§ Recorded data:
lemma zvec_inner_self:
  "zvec k a2 b2 a3 b3 a4 b4 \<bullet> zvec k a2 b2 a3 b3 a4 b4 =
    ztau (a2 * a2 + b2 * b2 + a3 * a3 + b3 * b3 + a4 * a4 + b4 * b4)
         (2 * a2 * b2 + b2 * b2 + 2 * a3 * b3 + b3 * b3 + 2 * a4 * b4 + b4 * b4) / 4 ^ k"
proof -
  have "zvec k a2 b2 a3 b3 a4 b4 \<bullet> zvec k a2 b2 a3 b3 a4 b4
      = (ztau a2 b2 * ztau a2 b2 + ztau a3 b3 * ztau a3 b3 + ztau a4 b4 * ztau a4 b4) / (2 ^ k * 2 ^ k)"
    by (simp add: inner_4 field_simps)
  also have "(2::real) ^ k * 2 ^ k = 4 ^ k" by (simp flip: power_mult_distrib)
  finally show ?thesis by (simp add: ztau_mult ztau_add algebra_simps)
qed

text \<open>With \<open>c = (c\<^sub>j + d\<^sub>j \<tau>)\<^sub>j\<close> and \<open>y = (a\<^sub>j + b\<^sub>j \<tau>)\<^sub>j\<close>, this is
  \<open>refl (c/2) (y/2\<^sup>k) = (2 y - (y \<bullet> c) c) / 2\<^sup>k\<^sup>+\<^sup>1\<close> with \<open>y \<bullet> c = S0 + S1 \<tau>\<close>.\<close>
lemma refl_zvec:
  assumes "S0 = a2 * c2 + b2 * d2 + a3 * c3 + b3 * d3 + a4 * c4 + b4 * d4"
    and "S1 = a2 * d2 + b2 * c2 + b2 * d2 + a3 * d3 + b3 * c3 + b3 * d3 + a4 * d4 + b4 * c4 + b4 * d4"
  shows "refl (zvec 1 c2 d2 c3 d3 c4 d4) (zvec k a2 b2 a3 b3 a4 b4) =
    zvec (Suc k) (2 * a2 - S0 * c2 - S1 * d2) (2 * b2 - S0 * d2 - S1 * c2 - S1 * d2)
      (2 * a3 - S0 * c3 - S1 * d3) (2 * b3 - S0 * d3 - S1 * c3 - S1 * d3)
      (2 * a4 - S0 * c4 - S1 * d4) (2 * b4 - S0 * d4 - S1 * c4 - S1 * d4)"
proof -
  have "zvec k a2 b2 a3 b3 a4 b4 \<bullet> zvec 1 c2 d2 c3 d3 c4 d4
      = (ztau a2 b2 * ztau c2 d2 + ztau a3 b3 * ztau c3 d3 + ztau a4 b4 * ztau c4 d4) / (2 ^ k * 2)"
    by (simp add: inner_4 field_simps)
  also have "\<dots> = ztau S0 S1 / 2 ^ Suc k"
    by (simp add: assms ztau_mult ztau_add algebra_simps)
  finally have inner: "zvec k a2 b2 a3 b3 a4 b4 \<bullet> zvec 1 c2 d2 c3 d3 c4 d4 = ztau S0 S1 / 2 ^ Suc k" .
  have entry: "ztau a b / 2 ^ k - 2 * (ztau S0 S1 / 2 ^ Suc k) * (ztau c d / 2)
      = ztau (2 * a - S0 * c - S1 * d) (2 * b - S0 * d - S1 * c - S1 * d) / 2 ^ Suc k" for a b c d
  proof -
    have "ztau a b / 2 ^ k - 2 * (ztau S0 S1 / 2 ^ Suc k) * (ztau c d / 2)
        = (ztau (2 * a) (2 * b) - ztau S0 S1 * ztau c d) / 2 ^ Suc k"
      by (simp add: ztau_def field_simps)
    then show ?thesis by (simp add: ztau_mult ztau_diff algebra_simps)
  qed
  show ?thesis
    unfolding vec_eq_4 refl_nth inner using entry[of _ _ c2 d2] entry[of _ _ c3 d3] entry[of _ _ c4 d4]
    by simp
qed
lemma measurable_poisson_measure[measurable]:
  "poisson_measure \<in> borel \<rightarrow>\<^sub>M prob_algebra (count_space UNIV)"
proof (rule measurable_prob_algebraI[OF prob_space_poisson_measure measurable_subprob_algebra])
  show "subprob_space (poisson_measure r)" for r
    by (rule prob_space_imp_subprob_space[OF prob_space_poisson_measure])
  show "sets (poisson_measure r) = sets (count_space UNIV)" for r
    by (simp add: poisson_measure_def)
  fix A :: "nat set"
  have "emeasure (poisson_measure r) A = (\<Sum>k. ennreal (max 0 r ^ k / fact k * exp (- max 0 r)) * indicator A k)" for r
    unfolding poisson_measure_def by (subst emeasure_density) (auto simp: nn_integral_count_space_nat)
  moreover have "(\<lambda>r::real. \<Sum>k. ennreal (max 0 r ^ k / fact k * exp (- max 0 r)) * indicator A k) \<in> borel_measurable borel"
    by measurable
  ultimately show "(\<lambda>r. emeasure (poisson_measure r) A) \<in> borel_measurable borel"
    by simp
qed

section \<open>Marks and sticks\<close>

lemma prob_space_mark_law: "0 < h \<Longrightarrow> prob_space (mark_law p h)"
  unfolding mark_law_def
  by (intro prob_space_pair prob_space_uniform_measure prob_space_measure_pmf prob_space_exponential_density) auto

§ Work instruction:
Look over the entries for "lemma", then copy every line that includes that string.

§ Your response:
lemma zvec_inner_self:
lemma refl_zvec:
lemma measurable_poisson_measure[measurable]:
lemma prob_space_mark_law: "0 < h \<Longrightarrow> prob_space (mark_law p h)"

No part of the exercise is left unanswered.